Depth budget: total number of tool calls (or planning iterations) the agent is allowed to take.

If any one of these exceeds its budget, the agent is required to halt and produce a structured partial result — not retry, not reflect, not “let it think longer.”

These three numbers are determined by the use case, not by the model. A real-time dispatch agent has a 4-second latency budget and a 20-cent cost budget. A nightly research assistant has a 2-hour latency budget and a $4 cost budget. The same model serves both, with different orchestration.

If you cannot tell me your three budgets, you do not have an agent. You have a chatbot that calls functions.

What “let it think longer” gets wrong

The temptation to extend the budget when an agent struggles is strong. Almost every team building agents this way reaches for it. The reasoning sounds rational: the model is almost there; one more step and it will figure it out. Let it think longer.

It will not figure it out. Across thousands of agent traces we’ve reviewed, the pattern is overwhelmingly: when an agent fails to make progress in the first three or four tool calls, additional calls do not improve the outcome. The shape of the trace deteriorates. The agent tries the same thing in different wrappings. It calls a tool, gets a 400, calls the tool again with the same arguments, gets the same 400, “reflects,” and concludes that the tool is broken.

Models do not autonomously generate better hypotheses by being granted more compute. They generate more hypotheses, drawn from the same distribution. That is sampling, not reasoning. If the gold path is not in that distribution, you get more wrong answers at higher cost.

The fix is not to think longer. The fix is to (a) escalate to a human, (b) hand off to a specialized sub-agent with different tools, or (c) emit a structured failure with a partial result. All three are legitimate. “Try again” is not.

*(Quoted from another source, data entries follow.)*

(* Let $\bar d\ge1$, fix an index $*\in\{1,\dots,\bar d\}$, and for $\mathbf{c},\mathbf{r}\in[0,1]^{\bar d}$ define $h^C_{\mathbf{c},\mathbf{r}},h^S_{\mathbf{c},\mathbf{r}}:[0,1]^{\bar d}\to[0,1]$ by $h^C_{\mathbf{c},\mathbf{r}}(\mathbf{p})=1$ and $h^S_{\mathbf{c},\mathbf{r}}(\mathbf{p})=p_*$ if $c_i\le p_i<c_i+r_i$ for all $i$, and $h^C_{\mathbf{c},\mathbf{r}}(\mathbf{p})=h^S_{\mathbf{c},\mathbf{r}}(\mathbf{p})=0$ otherwise. Let $\mathcal{H}^C=\{h^C_{\mathbf{c},\mathbf{r}}\}$ and $\mathcal{H}^S=\{h^S_{\mathbf{c},\mathbf{r}}\}$ over all $\mathbf{c},\mathbf{r}$. Then $\operatorname{vc}(\mathcal{H}^S)\le 2\bar d$ and $\operatorname{vc}(\mathcal{H}^C)\le 2\bar d$.
   Context: A countable set $I\subseteq[0,1]^{\bar d}$ is pseudo-shattered by a function class $\mathcal{H}$ if there is a function $g:I\to\mathbb{R}$ such that for every $J\subseteq I$ there is $h_J\in\mathcal{H}$ with $h_J(\mathbf{x})\le g(\mathbf{x})$ for $\mathbf{x}\in J$ and $h_J(\mathbf{x})>g(\mathbf{x})$ for $\mathbf{x}\in I\setminus J$. The pseudo-dimension $\operatorname{vc}(\mathcal{H})$ is the supremum of $|I|$ over sets $I$ pseudo-shattered by $\mathcal{H}$. *)

theory Defs
  imports "HOL-Analysis.Analysis" "HOL-Library.Extended_Nat"
begin

text \<open>Points of [0,1]^d are vectors of type real^'n with d = CARD('n).\<close>

definition unit_cube :: "(real ^ 'n::finite) set" where
  "unit_cube = {p. \<forall>i. 0 \<le> p $ i \<and> p $ i \<le> 1}"

definition in_box :: "real ^ 'n::finite \<Rightarrow> real ^ 'n \<Rightarrow> real ^ 'n \<Rightarrow> bool" where
  "in_box c r p = (\<forall>i. c $ i \<le> p $ i \<and> p $ i < c $ i + r $ i)"

definition hC :: "real ^ 'n::finite \<Rightarrow> real ^ 'n \<Rightarrow> real ^ 'n \<Rightarrow> real" where
  "hC c r p = (if in_box c r p then 1 else 0)"

definition hS :: "'n::finite \<Rightarrow> real ^ 'n \<Rightarrow> real ^ 'n \<Rightarrow> real ^ 'n \<Rightarrow> real" where
  "hS s c r p = (if in_box c r p then p $ s else 0)"

definition HC :: "(real ^ 'n::finite \<Rightarrow> real) set" where
  "HC = {hC c r | c r. c \<in> unit_cube \<and> r \<in> unit_cube}"

definition HS :: "'n::finite \<Rightarrow> (real ^ 'n \<Rightarrow> real) set" where
  "HS s = {hS s c r | c r. c \<in> unit_cube \<and> r \<in> unit_cube}"

definition pseudo_shattered :: "('a \<Rightarrow> real) set \<Rightarrow> 'a set \<Rightarrow> bool" where
  "pseudo_shattered H I \<longleftrightarrow> (\<exists>g :: 'a \<Rightarrow> real. \<forall>J \<subseteq> I. \<exists>h \<in> H.
      (\<forall>x \<in> J. h x \<le> g x) \<and> (\<forall>x \<in> I - J. h x > g x))"

definition pseudo_dim :: "'a set \<Rightarrow> ('a \<Rightarrow> real) set \<Rightarrow> enat" where
  "pseudo_dim X H = Sup {(if finite I then enat (card I) else \<infinity>) | I.
      countable I \<and> I \<subseteq> X \<and> pseudo_shattered H I}"

end

theory Submission
  imports Defs
begin

text \<open>Every function in either class is a fixed nonnegative function v masked by a half-open
  box. If such a class pseudo-shatters I, then for each x \<in> I there is a box containing
  I - {x} but not x. On the other hand, for each coordinate a point of I minimising and a
  point maximising that coordinate span a coordinate interval containing all of I, so a box
  containing these at most 2d extreme points contains all of I. Hence I has at most 2d
  points.\<close>

lemma pseudo_shattered_subset:
  assumes "pseudo_shattered H I" and "F \<subseteq> I"
  shows "pseudo_shattered H F"
proof -
  obtain g where g: "\<And>J. J \<subseteq> I \<Longrightarrow> \<exists>h\<in>H. (\<forall>x\<in>J. h x \<le> g x) \<and> (\<forall>x\<in>I - J. h x > g x)"
    using assms(1) unfolding pseudo_shattered_def by blast
  have "\<exists>h\<in>H. (\<forall>x\<in>J. h x \<le> g x) \<and> (\<forall>x\<in>F - J. h x > g x)" if "J \<subseteq> F" for J
    using g[of J] that assms(2) by blast
  then show ?thesis
    unfolding pseudo_shattered_def by blast
qed

lemma pseudo_dim_le_if_finite_shattered_le:
  assumes "\<And>I. I \<subseteq> X \<Longrightarrow> finite I \<Longrightarrow> pseudo_shattered H I \<Longrightarrow> card I \<le> n"
  shows "pseudo_dim X H \<le> enat n"
  unfolding pseudo_dim_def
proof (rule Sup_least, clarify)
  fix I assume IX: "I \<subseteq> X" and sh: "pseudo_shattered H I"
  show "(if finite I then enat (card I) else \<infinity>) \<le> enat n"
  proof (cases "finite I")
    case True
    then show ?thesis
      using assms[OF IX True sh] by simp
  next
    case False
    then obtain F where F: "F \<subseteq> I" "finite F" "card F = Suc n"
      using infinite_arbitrarily_large by blast
    then have "card F \<le> n"
      using assms[of F] IX pseudo_shattered_subset[OF sh] by blast
    with F(3) show ?thesis
      by simp
  qed
qed

text \<open>Shattering J = I forces g \<ge> 0 on I, J = {} forces v > g on I, and J = {x} then
  yields a function that exceeds g \<ge> 0 on I - {x}, so is unmasked there, but does not
  exceed g x < v x at x, so masks x.\<close>

lemma pseudo_shattered_masked_separates:
  assumes masked: "\<And>h. h \<in> H \<Longrightarrow> \<exists>B\<in>\<B>. \<forall>y\<in>I. h y = (if y \<in> B then v y else 0)"
    and v_nonneg: "\<And>y. y \<in> I \<Longrightarrow> v y \<ge> 0"
    and sh: "pseudo_shattered H I" and x: "x \<in> I"
  shows "\<exists>B\<in>\<B>. I - {x} \<subseteq> B \<and> x \<notin> B"
proof -
  obtain g where g: "\<And>J. J \<subseteq> I \<Longrightarrow> \<exists>h\<in>H. (\<forall>y\<in>J. h y \<le> g y) \<and> (\<forall>y\<in>I - J. h y > g y)"
    using sh unfolding pseudo_shattered_def by blast
  have h_nonneg: "h y \<ge> 0" if "h \<in> H" "y \<in> I" for h y
    using masked[OF that(1)] v_nonneg[OF that(2)] that(2) by force
  have g_nonneg: "g y \<ge> 0" if "y \<in> I" for y
  proof -
    obtain h where "h \<in> H" "\<forall>y\<in>I. h y \<le> g y"
      using g[of I] by auto
    then show ?thesis
      using h_nonneg that by force
  qed
  have v_gt_g: "v x > g x"
  proof -
    obtain h where h: "h \<in> H" "h x > g x"
      using g[of "{}"] x by auto
    obtain B where "\<forall>y\<in>I. h y = (if y \<in> B then v y else 0)"
      using masked[OF h(1)] by blast
    then show ?thesis
      using h(2) g_nonneg[OF x] x by (auto split: if_splits)
  qed
  obtain h where h: "h \<in> H" "h x \<le> g x" "\<forall>y\<in>I - {x}. h y > g y"
    using g[of "{x}"] x by auto
  obtain B where B: "B \<in> \<B>" "\<forall>y\<in>I. h y = (if y \<in> B then v y else 0)"
    using masked[OF h(1)] by blast
  have "I - {x} \<subseteq> B"
    using B(2) h(3) g_nonneg by force
  moreover have "x \<notin> B"
    using B(2) h(2) v_gt_g x by auto
  ultimately show ?thesis
    using B(1) by blast
qed

lemma in_box_extreme_points:
  fixes F :: "(real ^ 'n::finite) set"
  assumes fin: "finite F"
  obtains E where "E \<subseteq> F" "card E \<le> 2 * CARD('n)"
    "\<And>c r. \<forall>y\<in>E. in_box c r y \<Longrightarrow> \<forall>y\<in>F. in_box c r y"
proof (cases "F = {}")
  case True
  then show ?thesis
    using that[of "{}"] by simp
next
  case False
  define lo where "lo i = arg_min_on (\<lambda>y. y $ i) F" for i
  define hi where "hi i = arg_min_on (\<lambda>y. - y $ i) F" for i
  have lo_hi_in: "lo i \<in> F" "hi i \<in> F" for i
    unfolding lo_def hi_def using fin False by (rule arg_min_if_finite(1))+
  have lo_le: "lo i $ i \<le> y $ i" and le_hi: "y $ i \<le> hi i $ i" if "y \<in> F" for i y
    using arg_min_least[OF fin False that, of "\<lambda>y. y $ i"]
      arg_min_least[OF fin False that, of "\<lambda>y. - y $ i"]
    unfolding lo_def hi_def by simp_all
  let ?E = "range lo \<union> range hi"
  have "?E \<subseteq> F"
    using lo_hi_in by blast
  moreover have "card ?E \<le> 2 * CARD('n)"
    using card_Un_le[of "range lo" "range hi"] card_image_le[of UNIV lo]
      card_image_le[of UNIV hi] by simp
  moreover have "\<forall>y\<in>F. in_box c r y" if "\<forall>y\<in>?E. in_box c r y" for c r
  proof
    fix y assume y: "y \<in> F"
    have "in_box c r (lo i)" "in_box c r (hi i)" for i
      using that by auto
    then show "in_box c r y"
      using lo_le[OF y] le_hi[OF y] unfolding in_box_def by (meson order_trans le_less_trans)
  qed
  ultimately show ?thesis
    using that by blast
qed

lemma card_le_if_pseudo_shattered_masked_boxes:
  fixes I :: "(real ^ 'n::finite) set"
  assumes masked: "\<And>h. h \<in> H \<Longrightarrow> \<exists>c r. \<forall>y\<in>I. h y = (if in_box c r y then v y else 0)"
    and v_nonneg: "\<And>y. y \<in> I \<Longrightarrow> v y \<ge> 0"
    and sh: "pseudo_shattered H I" and fin: "finite I"
  shows "card I \<le> 2 * CARD('n)"
proof (rule ccontr)
  assume "\<not> ?thesis"
  obtain E where E: "E \<subseteq> I" "card E \<le> 2 * CARD('n)"
    and E_box: "\<And>c r. \<forall>y\<in>E. in_box c r y \<Longrightarrow> \<forall>y\<in>I. in_box c r y"
    using in_box_extreme_points[OF fin] by blast
  with \<open>\<not> ?thesis\<close> obtain x where x: "x \<in> I" "x \<notin> E"
    by (metis subsetI subset_antisym)
  have masked_sets: "\<exists>B\<in>{Collect (in_box c r) | c r. True}.
      \<forall>y\<in>I. h y = (if y \<in> B then v y else 0)" if h: "h \<in> H" for h
  proof -
    obtain c r where "\<forall>y\<in>I. h y = (if in_box c r y then v y else 0)"
      using masked[OF h] by blast
    then show ?thesis
      by (intro bexI[of _ "Collect (in_box c r)"]) auto
  qed
  obtain c r where "\<forall>y\<in>I - {x}. in_box c r y" "\<not> in_box c r x"
    using pseudo_shattered_masked_separates[OF masked_sets v_nonneg sh x(1)] by auto
  moreover from this(1) have "\<forall>y\<in>E. in_box c r y"
    using E(1) x(2) by blast
  ultimately show False
    using E_box x(1) by blast
qed

lemma pseudo_dim_masked_boxes_le:
  fixes X :: "(real ^ 'n::finite) set"
  assumes masked: "\<And>h. h \<in> H \<Longrightarrow> \<exists>c r. \<forall>y\<in>X. h y = (if in_box c r y then v y else 0)"
    and v_nonneg: "\<And>y. y \<in> X \<Longrightarrow> v y \<ge> 0"
  shows "pseudo_dim X H \<le> enat (2 * CARD('n))"
proof (rule pseudo_dim_le_if_finite_shattered_le)
  fix I assume I: "I \<subseteq> X" "finite I" "pseudo_shattered H I"
  have "\<exists>c r. \<forall>y\<in>I. h y = (if in_box c r y then v y else 0)" if "h \<in> H" for h
    using masked[OF that] I(1) by blast
  with I v_nonneg show "card I \<le> 2 * CARD('n)"
    by (intro card_le_if_pseudo_shattered_masked_boxes[where v = v]) auto
qed

theorem lemmaA12:
  fixes s :: "'n::finite"
  shows "pseudo_dim unit_cube (HS s) \<le> enat (2 * CARD('n))
       \<and> pseudo_dim (unit_cube :: (real ^ 'n) set) HC \<le> enat (2 * CARD('n))"
proof
  show "pseudo_dim unit_cube (HS s) \<le> enat (2 * CARD('n))"
    by (rule pseudo_dim_masked_boxes_le[where v = "\<lambda>y. y $ s"])
      (fastforce simp: HS_def hS_def unit_cube_def)+
  show "pseudo_dim (unit_cube :: (real ^ 'n) set) HC \<le> enat (2 * CARD('n))"
    by (rule pseudo_dim_masked_boxes_le[where v = "\<lambda>_. 1"]) (fastforce simp: HC_def hC_def)+
qed

end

Concrete shape of a budgeted agent

Here is the loop we build, roughly:

async def run(task, budgets):
    state = init_state(task)
    spent = {"cost": 0.0, "ms": 0, "calls": 0}
    deadline = time.time() + budgets["ms"] / 1000

    while not state.done:
        if (spent["cost"] >= budgets["cost"]
                or time.time() >= deadline
                or spent["calls"] >= budgets["calls"]):
            return emit_partial(state, spent, reason="budget")

        step = await plan_one_step(state, remaining=remaining(spent, budgets))
        result, cost, ms = await execute_step(step)
        spent["cost"] += cost
        spent["ms"] += ms
        spent["calls"] += 1
        state = update(state, step, result)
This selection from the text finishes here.